Collected data entries
· · · · · · ·
lemma rf_cong_summand:
  assumes "n = Suc (2 * m)"
  shows "rf_cong
    (qpoch (a_var * q_var) (q_var ^ 2) k * qpoch (q_var / a_var) (q_var ^ 2) k
      / qpoch (q_var ^ 2) (q_var ^ 2) k ^ 2)
    (chu_term (q_var ^ 2) ((q_var ^ 2) ^ m) k) (modulus n)"
proof -
  define p x where "p = q_var ^ 2" and "x j = q_var * p ^ j" for j
  have n: "n \<noteq> 0"
    using assms by simp
  have cd_x: "coprime_denom (modulus n) (x j)" for j
    unfolding x_def p_def using coprime_denom_vars[OF n]
    by (simp add: coprime_denom_mult coprime_denom_power)
  have qn: "q_var ^ n = q_var * p ^ m"
    by (simp add: assms p_def power_mult)
  have lhs: "qpoch (a_var * q_var) p k * qpoch (q_var / a_var) p k
      = (\<Prod>j<k. (1 - a_var * x j) * (1 - x j / a_var))"
    by (simp add: qpoch_def prod.distrib x_def mult_ac)
  have rhs: "qpochhammer (inverse (p ^ m)) p k * qpochhammer (p * p ^ m) p k
      = (\<Prod>j<k. (1 - x j / q_var ^ n) * (1 - q_var ^ n * x j))"
  proof -
    have "x j / q_var ^ n = inverse (p ^ m) * p ^ j" "q_var ^ n * x j = p * p ^ m * p ^ j" for j
      using q_var_power_nonzero[of 1] by (simp_all add: x_def qn p_def field_simps power2_eq_square)
    then show ?thesis
      by (simp add: qpochhammer_def prod.distrib)
  qed
  have "rf_cong (\<Prod>j<k. (1 - a_var * x j) * (1 - x j / a_var))
      (\<Prod>j<k. (1 - x j / q_var ^ n) * (1 - q_var ^ n * x j)) (modulus n)"
    using rf_cong_reciprocal_factors[OF n cd_x] cd_x coprime_denom_one coprime_denom_vars[OF n]
    by (intro rf_cong_prod)
      (simp_all add: divide_inverse coprime_denom_diff coprime_denom_mult coprime_denom_power
        flip: power_inverse)
  then have "rf_cong ((\<Prod>j<k. (1 - a_var * x j) * (1 - x j / a_var)) * inverse (qpochhammer p p k) ^ 2)
      ((\<Prod>j<k. (1 - x j / q_var ^ n) * (1 - q_var ^ n * x j)) * inverse (qpochhammer p p k) ^ 2) (modulus n)"
    using cd_x coprime_denom_one coprime_denom_vars[OF n] coprime_denom_inverse_q_pochhammer[OF n, of k]
    by (intro rf_cong_mult rf_cong_refl)
      (simp_all add: p_def divide_inverse coprime_denom_prod coprime_denom_diff coprime_denom_mult
        coprime_denom_power)
  then show ?thesis
    unfolding chu_term_def lhs[unfolded p_def] rhs[unfolded p_def]
    unfolding qpoch_eq_qpochhammer p_def
    by (simp add: divide_inverse power_inverse)
qed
· · · · · · ·
## EXERCISE BRIEF
Which of the lines above include the string "then"? Pick them out and copy them.

## SOLUTION FOR THIS TASK
    then show ?thesis
  then have "rf_cong ((\<Prod>j<k. (1 - a_var * x j) * (1 - x j / a_var)) * inverse (qpochhammer p p k) ^ 2)
  then show ?thesis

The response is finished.